Jonathan Adagogo Green (1873–1905) was a late 19th-century Nigerian photographer, considered one of the first African professional photographers in his country. He is known as a pioneering photographer in West Africa, notable for his documentation of colonial life and local culture, particularly his Ibani Ijo community.

His photographic work has been collected by the British Museum, the Unilever Archives and the Bristol Archives in the United Kingdom, as well as by the National Museum of African Art in Washington, DC.

== Life and career ==
Green was born in Ayama-Peterside, Kingdom of Bonny, present-day Rivers State, Nigeria, to Sunju Okoronkwoye Dublin Green and Idameinye Green. His father was a village chief and palm oil trader who died in 1875, after which Green was raised by his paternal uncle, Uruasi Dublin Green. He received his education at Bonny's Church Mission Society high school and in Lagos.

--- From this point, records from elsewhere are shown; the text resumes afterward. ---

lemma hopf_barrier_comparison:
  fixes u :: "'a::euclidean_space \<Rightarrow> real" and u'' :: "'a \<Rightarrow> 'a \<Rightarrow> real"
  assumes "R > 0" "c \<ge> 0" "\<eta> > 0" "\<alpha> \<ge> 1" "\<alpha> * R\<^sup>2 \<ge> 2 * real DIM('a) + c + 1"
    and cont: "continuous_on (cball y R) u"
    and le: "\<And>z. z \<in> cball y R \<Longrightarrow> u z \<le> M"
    and inner_sphere: "\<And>z. z \<in> sphere y (R / 2) \<Longrightarrow> u z \<le> M - \<eta>"
    and second_derivs: "\<And>z b. z \<in> ball y R \<Longrightarrow> b \<in> Basis \<Longrightarrow> has_second_deriv_along u b z (u'' z b)"
    and lap: "\<And>z. z \<in> ball y R \<Longrightarrow> (\<Sum>b\<in>Basis. u'' z b) \<ge> c * (u z - M)"
    and z: "z \<in> cball y R - ball y (R / 2)"
  shows "u z + \<eta> * hopf_barrier \<alpha> y R z \<le> M"
proof -
  define A where "A = cball y R - ball y (R / 2)"
  define w where "w x = u x + \<eta> * hopf_barrier \<alpha> y R x" for x
  have "compact A"
    unfolding A_def by (intro compact_diff) auto
  moreover have "continuous_on A w"
    unfolding w_def hopf_barrier_def A_def
    by (intro continuous_intros continuous_on_subset[OF cont]) auto
  ultimately obtain zs where "zs \<in> A" and zs_max: "\<And>x. x \<in> A \<Longrightarrow> w x \<le> w zs"
    using continuous_attains_sup[of A w] z unfolding A_def by blast
  have zs_dist: "R / 2 \<le> norm (zs - y)" "norm (zs - y) \<le> R"
    using \<open>zs \<in> A\<close> by (auto simp: A_def dist_norm norm_minus_commute)
  have "w zs \<le> M"
  proof (cases "norm (zs - y) = R")
    case True
    then show ?thesis
      using le[of zs] \<open>zs \<in> A\<close> by (simp add: w_def hopf_barrier_def A_def)
  next
    case outer: False
    show ?thesis
    proof (cases "norm (zs - y) = R / 2")
      case True
      then have "u zs \<le> M - \<eta>"
        by (intro inner_sphere) (simp add: dist_norm norm_minus_commute)
      moreover have "hopf_barrier \<alpha> y R zs \<le> 1"
        using \<open>\<alpha> \<ge> 1\<close> by (intro hopf_barrier_le_one) simp
      then have "\<eta> * hopf_barrier \<alpha> y R zs \<le> \<eta>"
        using \<open>\<eta> > 0\<close> by (simp add: mult_le_cancel_left1)
      ultimately show ?thesis
        by (simp add: w_def)
    next
      case False
      define \<rho> where "\<rho> = min (norm (zs - y) - R / 2) (R - norm (zs - y))"
      have "\<rho> > 0"
        using zs_dist outer False by (simp add: \<rho>_def)
      have "ball zs \<rho> \<subseteq> A"
        using ball_subset_annulus[of "R / 2" zs y R] zs_dist outer False
        unfolding \<rho>_def A_def by auto
      have "zs \<in> ball y R"
        using zs_dist outer by (simp add: dist_norm norm_minus_commute)
      show ?thesis
        unfolding w_def
      proof (rule hopf_barrier_no_interior_max[where u''="u'' zs" and \<rho>=\<rho>])
        show "R / 2 < norm (zs - y)"
          using zs_dist False by simp
        show "u x + \<eta> * hopf_barrier \<alpha> y R x \<le> u zs + \<eta> * hopf_barrier \<alpha> y R zs"
          if "x \<in> ball zs \<rho>" for x
          using zs_max[of x] that \<open>ball zs \<rho> \<subseteq> A\<close> by (auto simp: w_def)
      qed (use assms \<open>zs \<in> ball y R\<close> \<open>\<rho> > 0\<close> in auto)
    qed
  qed
  then show ?thesis
    using zs_max[of z] z by (simp add: w_def A_def)
qed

Green learned the skills of a photographer in Sierra Leone around the early age of 18 and then founded his own studio in Bonny. The area where he lived became part of the British Oil Rivers protectorate in 1884, which was renamed the Niger Coast Protectorate in 1893. Most of his images were taken in Bonny, Opobo, and Kalabari. From 1900 onwards, these areas were part of the Southern Nigeria Protectorate for the last few years of Green's life.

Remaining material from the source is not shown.